Load text file in python module after installation

2019-09-10 11:27发布

问题:

My goal is to make a program I've written easily accessible to potential employers/etc. in order to... showcase my skills.. or whatever. I am not a computer scientist, and I've never written a python module meant for installation before, so I'm new to this aspect.

I've written a machine learning algorithm, and fit parameters to data that I have locally. I would like to distribute the algorithm with "default" parameters, so that the downloader can use it "out of the box" for classification without having a training set. I've written methods which save the parameters to/load the parameters from text files, which I've confirmed work on my platform. I could simply ask users to download the files I've mentioned seperately and use the loadParameters method I've created to manually load the parameters, but I would like to make the installation process as easy as possible for people who may be evaluating me.

What I'm not sure is how to package the text files in such a way that they can automatically be loaded in the __init__ method of the object I have.

I have put the algorithm and files on github here, and written a setup.py script so that it can be downloaded from github using pip like this: pip install --upgrade https://github.com/NathanWycoff/SySE/tarball/master However, this doesn't seem to install the text files containing the data I need, only the __init__.py python file containing my code.

So I guess the question boils down to: How do I force pip to download additional files aside from just the module in __init__.py?
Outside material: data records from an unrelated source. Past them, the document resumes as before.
lemma det_step_iff:
  "dtr (det G) X \<sigma> = Some Y \<longleftrightarrow> \<sigma> \<in> alph G \<and> Y = UR G (post G X \<sigma>) \<and> Y \<noteq> {}"
  unfolding det_def post_def by (auto simp: Let_def)

lemma det_d_step_iff:
  "dtr (det_d G QS) X \<sigma> = Some Y \<longleftrightarrow> \<not> X \<subseteq> QS \<and> dtr (det G) X \<sigma> = Some Y \<and> \<not> Y \<subseteq> QS"
  unfolding det_d_def by (auto split: option.splits)

definition observer_state :: "('q, 'e) nfa \<Rightarrow> 'q set \<Rightarrow> bool" where
  "observer_state G X \<longleftrightarrow> X \<subseteq> states G \<and> UR G X = X \<and> X \<noteq> {}"

lemma det_step_observer_state:
  "dtr (det G) X \<sigma> = Some Y \<Longrightarrow> wf_nfa G \<Longrightarrow> observer_state G Y"
  unfolding observer_state_def det_step_iff using UR_subset_states post_subset_states UR_UR by metis

lemma det_sync_step_shared:
  assumes "wf_nfa G1" "wf_nfa G2" "dtr (det G1) X1 \<sigma> = Some Y1" "dtr (det G2) X2 \<sigma> = Some Y2"
  shows "dtr (det (sync G1 G2)) (X1 \<times> X2) \<sigma> = Some (Y1 \<times> Y2)"
  using assms post_subset_states[OF assms(1)] post_subset_states[OF assms(2)]
  by (auto simp: det_step_iff post_sync_shared UR_sync) (simp add: sync_def)

lemma det_sync_step_left:
  assumes "wf_nfa G1" "dtr (det G1) X1 \<sigma> = Some Y1" "\<sigma> \<notin> alph G2" "observer_state G2 X2"
  shows "dtr (det (sync G1 G2)) (X1 \<times> X2) \<sigma> = Some (Y1 \<times> X2)"
  using assms post_subset_states[OF assms(1)]
  by (auto simp: det_step_iff post_sync_left UR_sync observer_state_def) (simp add: sync_def)
(* Let $m\in(1,2]$ and $U\in C^3(\mathbb{R}^d)$ such that there exists $A_1\ge0$ with $\|D^kU(q)\|\le A_1(\|q\|+1)^{m-k}$ for all $q$ and $k=2,3$. Let $T\in\mathbb{N}^*$ and $\gamma\in(0,m-1)$. (a) If $m\in(1,2)$ and $h_0>0$, there exist $\kappa>0$ and $R\ge0$ such that for all $h\in(0,h_0]$, all $q_0,p_0\in\mathbb{R}^d$ with $\|p_0\|\le\|q_0\|^\gamma$ and $\|q_0\|\ge R$, and all $i,j,k\in\{1,\dots,T\}$, $$\|\Phi^{q,i}_h(q_0,p_0)-\Phi^{q,j}_h(q_0,p_0)\|\le\kappa h\|\Phi^{q,k}_h(q_0,p_0)\|^{m-1}.$$ (b) If $m=2$, there exist $h_0>0$, $\kappa>0$ and $R\ge0$ such that the same inequality holds for all $h\in(0,h_0]$, all $q_0,p_0$ with $\|p_0\|\le\|q_0\|^\gamma$ and $\|q_0\|\ge R$, and all $i,j,k\in\{1,\dots,T\}$.
   Context: $D^kU$ is the $k$-th differential with operator norm. For $h>0$ the leapfrog map is $\Phi_h=\Psi^{(1)}_h\circ\Psi^{(2)}_h\circ\Psi^{(1)}_h$ with $\Psi^{(1)}_h(q,p)=(q,p-(h/2)\nabla U(q))$ and $\Psi^{(2)}_h(q,p)=(q+hp,p)$; $\Phi^{\circ \ell}_h$ is its $\ell$-fold composition and $\Phi^{q,\ell}_h$ the position (first $d$ coordinates) component of $\Phi^{\circ\ell}_h$. *)

theory Defs
  imports "HOL-Analysis.Analysis"
begin

text \<open>Leapfrog map Phi_h = Psi1_h o Psi2_h o Psi1_h, with Psi1_h(q,p) = (q, p - (h/2) grad U(q))
  and Psi2_h(q,p) = (q + h p, p). G is the gradient of U.\<close>

definition psi1 :: "('a::real_normed_vector \<Rightarrow> 'a) \<Rightarrow> real \<Rightarrow> 'a \<times> 'a \<Rightarrow> 'a \<times> 'a" where
  "psi1 G h qp = (fst qp, snd qp - (h/2) *\<^sub>R G (fst qp))"

definition psi2 :: "real \<Rightarrow> 'a::real_normed_vector \<times> 'a \<Rightarrow> 'a \<times> 'a" where
  "psi2 h qp = (fst qp + h *\<^sub>R snd qp, snd qp)"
Or, is there a better way to load default parameters?

回答1:

Yes, there is a better way, how you can distribute data files with python package.

First of all, read something about proper python package structure. For instance, it's not recommended to put a code into __init__ files. They're just marking that a directory is a python package, plus you can do some import statements there. So, it's better, if you put your SySE class to (for instance) file syse.py in that directory and in __init__.py you can from .syse import SySE.
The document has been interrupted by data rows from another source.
(* Let $T>0$, $A\in C([0,T];\mathbb{R}^{n\times n})$, $B\in C([0,T];\mathbb{R}^{n\times m})$, $p\in\mathbb{R}^m$, $P\in\mathbb{S}^m_{++}$, $x_e\in\mathbb{R}^n$, $X_e\in\mathbb{S}^n_{++}$, and consider the system $\dot{x}(s)=A(s)x(s)+B(s)u(s)$ with input set $\mathbb{U}=\mathcal{E}(p,P)$ and terminal set $\mathcal{X}=\mathcal{E}(x_e,X_e)$. Let $n_q\in\mathbb{N}$, $\kappa_i\in C([0,T];\mathbb{R}_{>0})$ for $i\in\{1,\dots,n_q\}$, and let $(q_i,Q_i)$ be the (unique, with $Q_i(t)\in\mathbb{S}^n_{++}$) solution of $$\dot{q}_i=Aq_i+Bp,\quad \dot{Q}_i=AQ_i+Q_iA^T-\Big(\tfrac{1}{\kappa_i}BPB^T+\kappa_iQ_i\Big),\quad q_i(T)=x_e,\ Q_i(T)=X_e.$$ Fix $t\in[0,T]$, $i\in\{1,\dots,n_q\}$, and let $u^\star\in\mathcal{U}[t,T]$ and $x^\star$ satisfy for a.e. $s\in(t,T)$ $$\dot{x}^\star(s)=A(s)x^\star(s)+B(s)u^\star(s),\quad x^\star(T)\in\partial\mathcal{X},\quad u^\star(s)\in\arg\max_{u\in\mathbb{U}}\langle -Q_i(s)^{-1/2}\hat{w}_i(s),B(s)u\rangle,$$ where $\hat{w}_i(s)=Q_i(s)^{-1/2}(x^\star(s)-q_i(s))$. Let $\mathcal{Q}_{i,\star}(s)=Q_i(s)^{-1/2}B(s)PB^T(s)Q_i(s)^{-1/2}$ and suppose $$\kappa_i(s)=\frac{\|\mathcal{Q}_{i,\star}(s)^{1/2}\hat{w}_i(s)\|_2}{\|\hat{w}_i(s)\|_2}$$ for all $s\in[t,T]$ with $\hat{w}_i(s)\neq 0$. Then $x^\star(t)\in\partial\mathcal{E}(q_i(t),Q_i(t))\cap\partial\mathcal{G}(t)$.
   Context: $\mathbb{S}^n_{++}$ denotes the symmetric positive definite $n\times n$ matrices; $M^{1/2}$ is the symmetric positive semidefinite square root of a symmetric positive semidefinite $M$, $M^{-1/2}$ its inverse when $M$ is positive definite. For $q\in\mathbb{R}^n$, $Q\in\mathbb{S}^n_{++}$, $\mathcal{E}(q,Q)=\{x\in\mathbb{R}^n\,|\,\langle x-q,Q^{-1}(x-q)\rangle\le 1\}$; $\partial$ denotes topological boundary. $\mathcal{U}[t,T]$ is the set of measurable maps $u:[t,T]\to\mathbb{U}$. The backwards reachable set is $\mathcal{G}(t)=\{x\in\mathbb{R}^n\,|\,\exists u\in\mathcal{U}[t,T]$ such that the absolutely continuous solution of $\dot{x}=Ax+Bu$ with $x(t)=x$ satisfies $x(T)\in\mathcal{X}\}$. *)

theory Defs
  imports "HOL-Analysis.Analysis"
begin

definition spd :: "real^'n^'n \<Rightarrow> bool" where
  "spd M \<longleftrightarrow> transpose M = M \<and> (\<forall>x. x \<noteq> 0 \<longrightarrow> x \<bullet> (M *v x) > 0)"

definition spsd :: "real^'n^'n \<Rightarrow> bool" where
  "spsd M \<longleftrightarrow> transpose M = M \<and> (\<forall>x. x \<bullet> (M *v x) \<ge> 0)"

definition msqrt :: "real^'n^'n \<Rightarrow> real^'n^'n" where
  "msqrt M = (THE R. spsd R \<and> R ** R = M)"

definition minvsqrt :: "real^'n^'n \<Rightarrow> real^'n^'n" where
  "minvsqrt M = matrix_inv (msqrt M)"

definition ellipsoid :: "real^'n \<Rightarrow> real^'n^'n \<Rightarrow> (real^'n) set" where
  "ellipsoid q Q = {x. (x - q) \<bullet> (matrix_inv Q *v (x - q)) \<le> 1}"

definition abs_continuous_on :: "real \<Rightarrow> real \<Rightarrow> (real \<Rightarrow> 'a::real_normed_vector) \<Rightarrow> bool" where
  "abs_continuous_on a b f \<longleftrightarrow>
     (\<forall>e>0. \<exists>d>0. \<forall>(N::nat) (l::nat \<Rightarrow> real) (r::nat \<Rightarrow> real).
        (\<forall>k<N. a \<le> l k \<and> l k \<le> r k \<and> r k \<le> b) \<and>
        (\<forall>k<N. \<forall>j<N. k \<noteq> j \<longrightarrow> r k \<le> l j \<or> r j \<le> l k) \<and>
        (\<Sum>k<N. r k - l k) < d
        \<longrightarrow> (\<Sum>k<N. norm (f (r k) - f (l k))) < e)"

definition admissible_controls :: "real \<Rightarrow> real \<Rightarrow> ('m::euclidean_space) set \<Rightarrow> (real \<Rightarrow> 'm) set" where
  "admissible_controls t T U =
     {u. u \<in> borel_measurable (restrict_space lebesgue {t..T}) \<and> (\<forall>s\<in>{t..T}. u s \<in> U)}"

definition is_solution ::
  "(real \<Rightarrow> real^'n^'n) \<Rightarrow> (real \<Rightarrow> real^'m^'n) \<Rightarrow> real \<Rightarrow> real \<Rightarrow>
   (real \<Rightarrow> real^'m) \<Rightarrow> (real \<Rightarrow> real^'n) \<Rightarrow> bool" where
  "is_solution A B t T u x \<longleftrightarrow>
     abs_continuous_on t T x \<and>
     (AE s in lebesgue. s \<in> {t<..<T} \<longrightarrow>
        (x has_vector_derivative (A s *v x s + B s *v u s)) (at s))"

definition backward_reach ::
  "(real \<Rightarrow> real^'n^'n) \<Rightarrow> (real \<Rightarrow> real^'m^'n) \<Rightarrow> (real^'m) set \<Rightarrow> (real^'n) set \<Rightarrow>
   real \<Rightarrow> real \<Rightarrow> (real^'n) set" where
  "backward_reach A B U X T t =
     {x0. \<exists>u\<in>admissible_controls t T U. \<exists>x. is_solution A B t T u x \<and> x t = x0 \<and> x T \<in> X}"

end

theory Submission
  imports Defs
begin

(*
  Along any trajectory x with input u, the level V = (x - q)' Q^-1 (x - q) of the tube
  (q, Q) = (q_i, Q_i) is absolutely continuous, and the Riccati equation for Q gives, almost
  everywhere,
      V' = 2 d.(u - p) + d.(P d) / kappa + kappa V,     d = B' Q^-1 (x - q).
  For u in E(p, P) one has d.(u - p) >= -a with a = sqrt (d.(P d)), hence
  V' >= (a - kappa)^2 / kappa >= 0 wherever V >= 1: a trajectory that starts outside
  E(q(t), Q(t)) never enters the terminal ellipsoid E(q(T), Q(T)), so G(t) is contained in
  E(q(t), Q(t)).
  For the maximising input the bound is attained, d.(u - p) = -a, and the choice of kappa
  means kappa = a / sqrt V, so that (V - 1) V' = 2 a (sqrt V + 1) (sqrt V - 1)^2 >= 0.
  Thus (V - 1)^2 is nondecreasing on [t, T] and vanishes at T, so V(t) = 1: x*(t) lies on
  the boundary of E(q(t), Q(t)), and since it belongs to G(t), also on the boundary of G(t).
  Monotonicity of absolutely continuous functions with almost everywhere nonnegative
  derivative is obtained from Lusin's property (N).
*)

section \<open>Symmetric matrices and their square roots\<close>

lemma inner_matrix_vector_transpose: "(x::real^'n) \<bullet> (A *v y) = (transpose A *v x) \<bullet> y"
  by (simp add: dot_lmul_matrix)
To the data files. By default, setuptools will distribute only *.py and several other special files (README, LICENCE and so on). However, you can tell to setuptools that you want distribute some other files with the package. Use setup's kwarg package_data, more about that here. Also don't forget to include all you data file into MANIFEST.in, more on that here.
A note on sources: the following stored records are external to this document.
lemma bincert_loop_step:
  assumes "0 < \<eta>" "0 \<le> \<theta>" "\<theta> + \<eta> \<le> 1" "0 < dm" "dm \<le> 1" "tester_guarantee p T"
    and "left_invariant \<theta> \<eta> L" "right_invariant \<theta> \<eta> R"
  defines "I \<equiv> left_update \<theta> \<eta> L" and "J \<equiv> right_update \<theta> \<eta> R"
  assumes recursion: "\<not> (width J \<le> \<eta> \<and> width I \<le> \<eta>) \<Longrightarrow>
      certifies p \<theta> \<eta> (bincert_loop \<theta> \<eta> dm T (Some I) (Some J))
        (dm * test_budget \<eta> (max \<eta> (width J / 2))) (dm * test_budget \<eta> (max \<eta> (width I / 2)))"
  shows "certifies p \<theta> \<eta> (bincert_loop \<theta> \<eta> dm T L R)
    (dm * test_budget \<eta> (width J)) (dm * test_budget \<eta> (width I))"
proof -
  define F where "F = (if width J \<le> \<eta> \<and> width I \<le> \<eta> then spmf_of_pmf (T \<theta> (\<theta> + \<eta>) dm)
    else bincert_loop \<theta> \<eta> dm T (Some I) (Some J))"
  have halve: "dm * test_budget \<eta> (max \<eta> (w / 2))
      \<le> dm * test_budget \<eta> w - (if \<eta> < w then dm else 0)" for w
    using mult_left_mono[OF test_budget_halve[OF assms(1)], of dm w] assms(4)
    by (auto simp: right_diff_distrib split: if_splits)
  have F: "certifies p \<theta> \<eta> F
      (dm * test_budget \<eta> (width J) - (if \<eta> < width J then dm else 0))
      (dm * test_budget \<eta> (width I) - (if \<eta> < width I then dm else 0))"
  proof (cases "width J \<le> \<eta> \<and> width I \<le> \<eta>")
    case True
    then show ?thesis
      using certifies_tester[OF assms(6,2,1,3,4,5)] by (simp add: F_def test_budget_def)
  next
    case False
    then have "F = bincert_loop \<theta> \<eta> dm T (Some I) (Some J)" unfolding F_def by (rule if_not_P)
    with certifies_mono[OF recursion[OF False] halve halve] show ?thesis by simp
  qed
  have right_error: "pmf (T (fst J) (snd J) dm) No \<le> dm" if "\<eta> < width J" "p \<le> \<theta>"
    using right_test_interval[OF assms(1,8)] that assms(1,2,4,5)
    by (intro tester_No_error[OF assms(6)]) (auto simp: J_def)
  have left_error: "pmf (T (fst I) (snd I) dm) Yes \<le> dm" if "\<eta> < width I" "\<theta> + \<eta> < p"
    using left_test_interval[OF assms(1,7)] that assms(1,3,4,5)
    by (intro tester_Yes_error[OF assms(6)]) (auto simp: I_def)
  have "certifies p \<theta> \<eta> (early_exit (\<eta> < width J) (T (fst J) (snd J) dm) No F)
      (dm * test_budget \<eta> (width J)) (dm * test_budget \<eta> (width I) - (if \<eta> < width I then dm else 0))"
    using certifies_early_exit_No[OF F, of "\<eta> < width J" "T (fst J) (snd J) dm" dm] right_error
    by simp
  then have "certifies p \<theta> \<eta> (early_exit (\<eta> < width I) (T (fst I) (snd I) dm) Yes
      (early_exit (\<eta> < width J) (T (fst J) (snd J) dm) No F))
    (dm * test_budget \<eta> (width J)) (dm * test_budget \<eta> (width I))"
    using certifies_early_exit_Yes[OF _ left_error] by fastforce
  then show ?thesis
    unfolding bincert_loop_unfold[of \<theta> \<eta> dm T L R] F_def I_def J_def Let_def .
qed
If you do all the above correctly, than you can use package pkg_resources to discover your data files on runtime. pkg_resources handles all possible situations - your package can be distributed in several ways, it can be installed from pip server, it can be installed from wheel, as egg,...more on that here.

Lastly, if you package is public, I can only recommend to upload it on pypi (in case it is not public, you can run your own pip server). Register there and upload your package. You could than do only pip install syse to install it from anywhere. It's quite likely the best way, how to distribute your package.

It's quite a lot work and reading but I'm pretty sure you will benefit from it.

Hope this help.